What are algorithms?

 

Let’s get started by understanding what an algorithm is by working through a hypothetical example. So suppose you had a collection of shapes, and you needed to group all of the same shapes together in individual sets. 

Now there’s a variety of ways you could do this, but probably the most straightforward approach would be to write some kind of loop function to iterate over each of the shapes, determine what kind of shape each one is, and then add that shape to the correct group. At the end of this process, you would have separate groups of each shape type. So this complete set of steps taken together that solve a specific problem forms an algorithm.

Algorithms have several characteristics that could be used to describe them. For example, any given algorithm has an associated complexity, and usually, there’s more than one. There’s space complexity, which characterizes how much memory and storage space the algorithm needs to do its work. There’s also time complexity, which describes how efficient the algorithm is relative to the size of the input it is given to work on. Algorithms also typically have a defined set of inputs and outputs. In other words, any given algorithm has a set of input values it can work on to produce a result. Sorting algorithms, for example, take a set of data values and attempt to put them into a specific order.

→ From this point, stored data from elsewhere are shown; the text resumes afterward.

(* For $p=2$, \[ F_0(q)= \frac14 \sum_{\mathbf n \in \mathbb{Z}^2} \left(12 n_1 n_2-3n_1^2-3n_2^2-n_1-n_2\right) q^{ 2 Q\left(\mathbf n-\left(\frac12,\frac12\right)\right) }. \]
   Context: $q:=e^{2\pi i\tau}$, $\tau\in\mathbb H$. $Q(\mathbf n):=n_1^2+n_2^2-n_1n_2$. With $p=2$, \begin{align*} F(\zeta_1,\zeta_2;q)&:=\sum_{n_1,n_2\in\mathbb Z}\frac{q^{2Q\left(n_1-\frac12,\,n_2-\frac12\right)}}{\left(1-\zeta_1^{-1}\right)\left(1-\zeta_2^{-1}\right)\left(1-\zeta_1^{-1}\zeta_2^{-1}\right)}\Big(\zeta_1^{n_1-1} \zeta_2^{n_2-1} -\zeta_1^{-n_1+n_2-1}\zeta_2^{n_2-1}\\ &\qquad-\zeta_1^{n_1-1}\zeta_2^{-n_2+n_1-1}+\zeta_1^{-n_2-1} \zeta_2^{-n_2+n_1-1}+\zeta_1^{-n_1+n_2-1} \zeta_2^{-n_1-1}-\zeta_1^{-n_2-1}\zeta_2^{-n_1-1}\Big), \end{align*} where each summand is a Laurent polynomial in $\zeta_1,\zeta_2$, and $F_0(q):=\lim_{(\zeta_1,\zeta_2)\to(1,1)}F(\zeta_1,\zeta_2;q)$. *)

theory Defs
  imports "HOL-Analysis.Analysis"
begin

text \<open>Fractional power of the nome: q^x := exp(2 pi i tau x), with q = e^(2 pi i tau).\<close>
definition qpow :: "complex \<Rightarrow> real \<Rightarrow> complex" where
  "qpow \<tau> x = exp (2 * complex_of_real pi * \<i> * \<tau> * complex_of_real x)"

definition Qform :: "real \<Rightarrow> real \<Rightarrow> real" where
  "Qform x y = x^2 + y^2 - x * y"
lemma mixnorm_powr_merge_levels:
  assumes "c \<le> m" "\<sigma> > 0" "\<forall>l. 1 \<le> l \<and> l \<le> c \<longrightarrow> r l = ereal \<sigma>" "\<forall>J. 0 \<le> F J"
  shows "mixnorm r n m m F J powr \<sigma> =
    (\<Sum>J'\<in>PiE {1..c} (\<lambda>_. {1..n}). mixnorm r n m (m - c) F (override_on J J' {1..c}) powr \<sigma>)"
  using assms
proof (induction c)
  case (Suc c)
  have "m - c = Suc (m - Suc c)" "m - (m - Suc c) = Suc c" "r (Suc c) = ereal \<sigma>"
    using Suc.prems by auto
  then have step: "mixnorm r n m (m - c) F K powr \<sigma>
      = (\<Sum>j=1..n. mixnorm r n m (m - Suc c) F (K(Suc c := j)) powr \<sigma>)" for K
    using Suc.prems by (simp add: lpnorm_powr mixnorm_nonneg)
  have override: "(override_on J J' {1..c})(Suc c := j) = override_on J (J'(Suc c := j)) {1..Suc c}"
    for J' j by (auto simp: override_on_def)
  have "mixnorm r n m m F J powr \<sigma> =
      (\<Sum>J'\<in>PiE {1..c} (\<lambda>_. {1..n}). mixnorm r n m (m - c) F (override_on J J' {1..c}) powr \<sigma>)"
    using Suc.prems by (intro Suc.IH) auto
  also have "\<dots> = (\<Sum>j=1..n. \<Sum>J'\<in>PiE {1..c} (\<lambda>_. {1..n}).
      mixnorm r n m (m - Suc c) F (override_on J (J'(Suc c := j)) {1..Suc c}) powr \<sigma>)"
    unfolding step override by (rule sum.swap)
  also have "\<dots> = (\<Sum>J'\<in>PiE (insert (Suc c) {1..c}) (\<lambda>_. {1..n}).
      mixnorm r n m (m - Suc c) F (override_on J J' {1..Suc c}) powr \<sigma>)"
    by (rule sum_PiE_insert[where f = "\<lambda>J'. mixnorm r n m (m - Suc c) F
      (override_on J J' {1..Suc c}) powr \<sigma>", symmetric]) auto
  also have "insert (Suc c) {1..c} = {1..Suc c}" by auto
  finally show ?case .
qed simp

lemma mixnorm_flatten:
  assumes k: "1 \<le> k" "k \<le> m" and \<sigma>: "\<sigma> > 0" "\<forall>l. 1 \<le> l \<and> l \<le> k \<longrightarrow> r l = ereal \<sigma>"
    and r: "\<forall>l. k < l \<and> l \<le> m \<longrightarrow> r l \<ge> 1"
    and c: "\<forall>J j l. k < l \<longrightarrow> c (J(l := j)) = c J" "\<forall>J. 0 \<le> c J" and F: "\<forall>J. 0 \<le> F J"
  shows "mixnorm r n m m (\<lambda>J. c J * F J) J0 =
    (\<Sum>J'\<in>PiE {1..k - 1} (\<lambda>_. {1..n}). \<Sum>j=1..n.
      (c ((override_on J0 J' {1..k - 1})(k := j)) *
        mixnorm r n m (m - k) F ((override_on J0 J' {1..k - 1})(k := j))) powr \<sigma>) powr (1/\<sigma>)"
proof -
  have mk: "m - (k - 1) = Suc (m - k)" using k by simp
  have peel: "mixnorm r n m (Suc (m - k)) (\<lambda>J. c J * F J) K
      = lpnorm (ereal \<sigma>) n (\<lambda>j. c (K(k := j)) * mixnorm r n m (m - k) F (K(k := j)))" for K
    using mixnorm_peel_level[of k m c r n F K] k \<sigma> r c by auto
  have "mixnorm r n m m (\<lambda>J. c J * F J) J0 powr \<sigma> =
    (\<Sum>J'\<in>PiE {1..k - 1} (\<lambda>_. {1..n}).
      mixnorm r n m (m - (k - 1)) (\<lambda>J. c J * F J) (override_on J0 J' {1..k - 1}) powr \<sigma>)"
    by (rule mixnorm_powr_merge_levels) (use k \<sigma> c F in auto)
  also have "\<dots> = (\<Sum>J'\<in>PiE {1..k - 1} (\<lambda>_. {1..n}). \<Sum>j=1..n.
      (c ((override_on J0 J' {1..k - 1})(k := j)) *
        mixnorm r n m (m - k) F ((override_on J0 J' {1..k - 1})(k := j))) powr \<sigma>)"
    unfolding mk peel using \<sigma> c F by (simp add: lpnorm_powr mixnorm_nonneg)
  finally have eq: "mixnorm r n m m (\<lambda>J. c J * F J) J0 powr \<sigma> = \<dots>" .
  have "0 \<le> mixnorm r n m m (\<lambda>J. c J * F J) J0"
    using c F by (intro mixnorm_nonneg) auto
  then have "mixnorm r n m m (\<lambda>J. c J * F J) J0
      = (mixnorm r n m m (\<lambda>J. c J * F J) J0 powr \<sigma>) powr (1/\<sigma>)"
    using \<sigma> by (simp add: powr_powr)
  then show ?thesis unfolding eq .
qed

subsection \<open>Removing the weights level by level\<close>

definition weighted_mixnorm_bound ::
  "(nat \<Rightarrow> ereal) \<Rightarrow> (nat \<Rightarrow> ereal) \<Rightarrow> nat \<Rightarrow> nat \<Rightarrow> ((nat \<Rightarrow> nat) \<Rightarrow> real) \<Rightarrow> (nat \<Rightarrow> nat)
    \<Rightarrow> real \<Rightarrow> nat \<Rightarrow> bool" where
  "weighted_mixnorm_bound s t n m a J0 B k \<longleftrightarrow> (\<forall>\<Lambda>. (\<forall>l j. 0 \<le> \<Lambda> l j) \<longrightarrow>
     mixnorm (\<lambda>l. if l \<le> k then s k else s l) n m m (\<lambda>J. (\<Prod>l\<in>{1..<k}. \<Lambda> l (J l)) * a J) J0
       \<le> B * (\<Prod>l\<in>{1..<k}. lpnorm (t l) n (\<Lambda> l)))"

text \<open>Here \<open>u 1 = \<infinity>\<close> is allowed, so the levels cannot be merged into one sum.\<close>
lemma mixnorm_remove_first_weight:
  assumes m: "1 \<le> m"
    and u: "u 1 \<ge> 1" "\<forall>l. 1 < l \<and> l \<le> m \<longrightarrow> u l \<ge> 1"
    and u': "u' 1 = ereal \<sigma>'" "\<sigma>' \<ge> 1" "\<forall>l. 1 < l \<and> l \<le> m \<longrightarrow> u' l = u l"
    and t: "t \<ge> 1" and e: "1 / \<sigma>' = einv (u 1) + einv t"
    and a: "\<forall>J. 0 \<le> a J" and B: "B \<ge> 0"
    and hyp: "\<And>\<mu>. \<forall>j. 0 \<le> \<mu> j \<Longrightarrow> mixnorm u' n m m (\<lambda>J. \<mu> (J 1) * a J) J0 \<le> B * lpnorm t n \<mu>"
  shows "mixnorm u n m m a J0 \<le> B"
proof -
  define G where "G = (\<lambda>j. mixnorm u n m (m - 1) a (J0(1 := j)))"
  have mm: "m = Suc (m - 1)" using m by simp
  have inner: "mixnorm u' n m (m - 1) a K = mixnorm u n m (m - 1) a K" for K
    using u' by (intro mixnorm_cong_exponents) auto
  have "lpnorm (u 1) n G \<le> B"
  proof (rule lpnorm_le_by_duality[OF u'(2) u(1) t e _ B])
    show "\<forall>j\<in>{1..n}. 0 \<le> G j" using a by (simp add: G_def mixnorm_nonneg)
    fix \<mu> :: "nat \<Rightarrow> real" assume \<mu>: "\<forall>j. 0 \<le> \<mu> j"
    have "mixnorm u' n m (Suc (m - 1)) (\<lambda>J. \<mu> (J 1) * a J) J0
        = lpnorm (u' 1) n (\<lambda>j. \<mu> ((J0(1 := j)) 1) * mixnorm u' n m (m - 1) a (J0(1 := j)))"
      by (rule mixnorm_peel_level) (use m \<mu> u u' in auto)
    also have "\<dots> = lpnorm (ereal \<sigma>') n (\<lambda>j. \<mu> j * G j)"
      unfolding inner G_def u'(1) by simp
    finally show "lpnorm (ereal \<sigma>') n (\<lambda>j. \<mu> j * G j) \<le> B * lpnorm t n \<mu>"
      using hyp[OF \<mu>] unfolding mm[symmetric] by simp
  qed
  moreover have "mixnorm u n m m a J0 = lpnorm (u 1) n G"
    using mixnorm.simps(2)[of u n m "m - 1" a J0] m by (simp add: G_def)
  ultimately show ?thesis by simp
qed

It’s also possible to talk about algorithm classification using a variety of criteria, just a few of which I’ve listed here. Some algorithms work on their data sets in a sequential fashion, which means that they are serial in nature. Whereas a parallel algorithm can break up a data set into smaller pieces and then work on each simultaneously. An algorithm can be exact, in which case it produces a known expected value, or it can be approximate, in which case, it tries to find an answer that might or might not be exact. For example, a facial recognition algorithm might not give the same answer every single time. Algorithms can be deterministic, in which case it executes each step with a correct decision, or it could be non-deterministic, in which it attempts to produce a solution using successive guesses, which become more accurate over time. Of course, there’s much more to the field of algorithms than I can capture in just a few slides. And we won’t have time to get into all of these different intricacies in this course since it’s just an introduction to the subject. But this should give you an underlying sense of what algorithms are and how they work.